• WHAT IS NEEDED: The lines you need are those holding the word "noteq"; pull them from the material.

• SUPPLIED INFORMATION:
text \<open>Standing setting: M is the probability space (Omega, F, P), F complete;
  N is the sub-sigma-algebra H (same space, sets N \<subseteq> sets M), complete in the
  sense that it contains every P-null set of F.  Random variables are functions
  into ereal (extended reals; Isabelle's ereal has inf - inf = 0, inf + -inf = 0,
  0 * inf = 0, matching the paper's conventions).\<close>

definition complete_subalg :: "'a measure \<Rightarrow> 'a measure \<Rightarrow> bool" where
  "complete_subalg M N \<longleftrightarrow> subalgebra M N \<and> (\<forall>A \<in> null_sets M. A \<in> sets N)"

definition is_cond_ess_sup :: "'a measure \<Rightarrow> 'a measure \<Rightarrow> ('a \<Rightarrow> ereal) \<Rightarrow> ('a \<Rightarrow> ereal) \<Rightarrow> bool" where
  "is_cond_ess_sup M N X S \<longleftrightarrow> S \<in> borel_measurable N \<and> (AE \<omega> in M. X \<omega> \<le> S \<omega>) \<and>
     (\<forall>S' \<in> borel_measurable N. (AE \<omega> in M. X \<omega> \<le> S' \<omega>) \<longrightarrow> (AE \<omega> in M. S \<omega> \<le> S' \<omega>))"

definition cond_ess_sup :: "'a measure \<Rightarrow> 'a measure \<Rightarrow> ('a \<Rightarrow> ereal) \<Rightarrow> ('a \<Rightarrow> ereal)" where
  "cond_ess_sup M N X = (SOME S. is_cond_ess_sup M N X S)"

definition cond_ess_inf :: "'a measure \<Rightarrow> 'a measure \<Rightarrow> ('a \<Rightarrow> ereal) \<Rightarrow> ('a \<Rightarrow> ereal)" where
  "cond_ess_inf M N X = (\<lambda>\<omega>. - cond_ess_sup M N (\<lambda>\<omega>'. - X \<omega>') \<omega>)"

text \<open>Conditional indicator I with domain D.  Since L^0 consists of a.s.-classes,
  we require D to be closed under a.s. modification and I to respect a.s. equality.\<close>
definition cond_indicator ::
  "'a measure \<Rightarrow> 'a measure \<Rightarrow> ('a \<Rightarrow> ereal) set \<Rightarrow> (('a \<Rightarrow> ereal) \<Rightarrow> ('a \<Rightarrow> ereal)) \<Rightarrow> bool" where
  "cond_indicator M N D I \<longleftrightarrow>
     D \<subseteq> borel_measurable M \<and> (\<lambda>\<omega>. 0) \<in> D \<and>
     (\<forall>X \<in> D. \<forall>Y \<in> borel_measurable M. (AE \<omega> in M. X \<omega> = Y \<omega>) \<longrightarrow> Y \<in> D) \<and>
     (\<forall>X \<in> D. \<forall>Y \<in> D. (AE \<omega> in M. X \<omega> = Y \<omega>) \<longrightarrow> (AE \<omega> in M. I X \<omega> = I Y \<omega>)) \<and>
     (\<forall>X \<in> D. I X \<in> borel_measurable N) \<and>
     (\<forall>X \<in> D. AE \<omega> in M. cond_ess_inf M N X \<omega> \<le> I X \<omega> \<and> I X \<omega> \<le> cond_ess_sup M N X \<omega>) \<and>
     (\<forall>X \<in> D. \<forall>Z \<in> borel_measurable N. (\<lambda>\<omega>. X \<omega> + Z \<omega>) \<in> D)"

definition decomposable :: "'a measure \<Rightarrow> ('a \<Rightarrow> ereal) set \<Rightarrow> bool" where
  "decomposable N D \<longleftrightarrow>
     (\<forall>X \<in> D. \<forall>Y \<in> D. \<forall>A \<in> sets N.
        (\<lambda>\<omega>. X \<omega> * indicator A \<omega> + Y \<omega> * indicator (space N - A) \<omega>) \<in> D)"

definition sub_additive :: "'a measure \<Rightarrow> ('a \<Rightarrow> ereal) set \<Rightarrow> (('a \<Rightarrow> ereal) \<Rightarrow> ('a \<Rightarrow> ereal)) \<Rightarrow> bool" where
  "sub_additive M D I \<longleftrightarrow>
     (\<forall>X \<in> D. \<forall>Y \<in> D. (\<lambda>\<omega>. X \<omega> + Y \<omega>) \<in> D \<longrightarrow>
        (AE \<omega> in M. I (\<lambda>\<omega>'. X \<omega>' + Y \<omega>') \<omega> \<le> I X \<omega> + I Y \<omega>))"

definition additive :: "'a measure \<Rightarrow> ('a \<Rightarrow> ereal) set \<Rightarrow> (('a \<Rightarrow> ereal) \<Rightarrow> ('a \<Rightarrow> ereal)) \<Rightarrow> bool" where
  "additive M D I \<longleftrightarrow>
     (\<forall>X \<in> D. \<forall>Y \<in> D. (\<lambda>\<omega>. X \<omega> + Y \<omega>) \<in> D \<longrightarrow>
        (AE \<omega> in M. I (\<lambda>\<omega>'. X \<omega>' + Y \<omega>') \<omega> = I X \<omega> + I Y \<omega>))"

definition regular :: "'a measure \<Rightarrow> 'a measure \<Rightarrow> ('a \<Rightarrow> ereal) set \<Rightarrow> (('a \<Rightarrow> ereal) \<Rightarrow> ('a \<Rightarrow> ereal)) \<Rightarrow> bool" where
  "regular M N D I \<longleftrightarrow> decomposable N D \<and>
     (\<forall>X \<in> D. \<forall>Y \<in> D. \<forall>A \<in> sets N.
        (AE \<omega> in M. X \<omega> * indicator A \<omega> = Y \<omega> * indicator A \<omega>) \<longrightarrow>
        (AE \<omega> in M. I X \<omega> * indicator A \<omega> = I Y \<omega> * indicator A \<omega>))"

end

theory Submission
  imports Defs
begin

(* The conditional essential supremum exists: the N-measurable a.s. majorants of X are closed
   under countable infima, so one of them minimises the bounded, strictly monotone functional
   S \<mapsto> \<integral> arctan (S \<omega>) dM, and comparing it with its minimum with any other majorant shows
   that it lies a.s. below all of them.  Hence, if Z vanishes on A \<in> N, so do the conditional
   essential infimum and supremum of Z, and with them I Z.
   Decomposability puts X\<^sub>A = 1\<^sub>A X and X\<^sub>B = 1\<^sub>{\<Omega>-A} X into D, and I X = I (X\<^sub>A + X\<^sub>B) a.s.
   since the sum equals X.  On A the term I X\<^sub>B vanishes, and off A so does I X\<^sub>A; sub-additivity
   thus yields 1\<^sub>A I X \<le> I X\<^sub>A, and additivity yields I X = I X\<^sub>A on A, which is regularity. *)

lemma exists_minimiser_of_countable_INF_closed:
  fixes \<Phi> :: "'a::complete_lattice \<Rightarrow> real"
  assumes "SS \<noteq> {}" and bdd: "bdd_below (\<Phi> ` SS)"
    and mono: "\<And>S S'. S \<in> SS \<Longrightarrow> S' \<in> SS \<Longrightarrow> S \<le> S' \<Longrightarrow> \<Phi> S \<le> \<Phi> S'"
    and INF_closed: "\<And>F :: nat \<Rightarrow> _. range F \<subseteq> SS \<Longrightarrow> (INF n. F n) \<in> SS"
  shows "\<exists>S\<in>SS. \<forall>S'\<in>SS. \<Phi> S \<le> \<Phi> S'"
proof -
  define c where "c = Inf (\<Phi> ` SS)"
  have "\<exists>S\<in>SS. \<Phi> S < c + 1 / Suc n" for n :: nat
    using cInf_lessD[of "\<Phi> ` SS" "c + 1 / Suc n"] \<open>SS \<noteq> {}\<close> by (auto simp: c_def)
  then obtain F where F: "\<And>n. F n \<in> SS" "\<And>n. \<Phi> (F n) < c + 1 / Suc n" by metis
  define S where "S = (INF n. F n)"
  have "S \<in> SS" unfolding S_def using F(1) INF_closed[of F] by auto
  have "\<Phi> S \<le> c"
  proof (rule field_le_epsilon)
    fix e :: real assume "0 < e"
    then obtain n :: nat where "1 / Suc n < e" by (rule nat_approx_posE)
    moreover have "\<Phi> S \<le> \<Phi> (F n)"
      using \<open>S \<in> SS\<close> F(1) by (intro mono) (auto simp: S_def INF_lower)
    ultimately show "\<Phi> S \<le> c + e" using F(2)[of n] by linarith
  qed
  moreover have "c \<le> \<Phi> S'" if "S' \<in> SS" for S'
    unfolding c_def using bdd that by (intro cInf_lower) auto
  ultimately show ?thesis using \<open>S \<in> SS\<close> by force
qed

definition arctan_ereal :: "ereal \<Rightarrow> real" where
  "arctan_ereal x = (case x of ereal r \<Rightarrow> arctan r | PInfty \<Rightarrow> pi / 2 | MInfty \<Rightarrow> - (pi / 2))"

lemma arctan_ereal_strict_mono: "strict_mono arctan_ereal"
proof
  fix x y :: ereal
  assume "x < y"
  then show "arctan_ereal x < arctan_ereal y"
    using arctan_bounded by (cases x; cases y) (auto simp: arctan_ereal_def arctan_less_iff)
qed

lemma arctan_ereal_le_iff [simp]: "arctan_ereal x \<le> arctan_ereal y \<longleftrightarrow> x \<le> y"
  using arctan_ereal_strict_mono by (simp add: strict_mono_less_eq)

lemma arctan_ereal_eq_iff [simp]: "arctan_ereal x = arctan_ereal y \<longleftrightarrow> x = y"
  using arctan_ereal_strict_mono by (simp add: strict_mono_eq)

lemma abs_arctan_ereal_le: "\<bar>arctan_ereal x\<bar> \<le> pi / 2"
  using arctan_bounded[of "real_of_ereal x"]
  by (cases x) (auto simp: arctan_ereal_def abs_le_iff less_imp_le)

lemma borel_measurable_arctan_ereal [measurable]:
  "S \<in> borel_measurable M \<Longrightarrow> (\<lambda>x. arctan_ereal (S x)) \<in> borel_measurable M"
  by (rule borel_measurable_ereal_cases) (auto simp: arctan_ereal_def)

• SOLUTION TO THE EXERCISE:
  assumes "SS \<noteq> {}" and bdd: "bdd_below (\<Phi> ` SS)"
    using cInf_lessD[of "\<Phi> ` SS" "c + 1 / Suc n"] \<open>SS \<noteq> {}\<close> by (auto simp: c_def)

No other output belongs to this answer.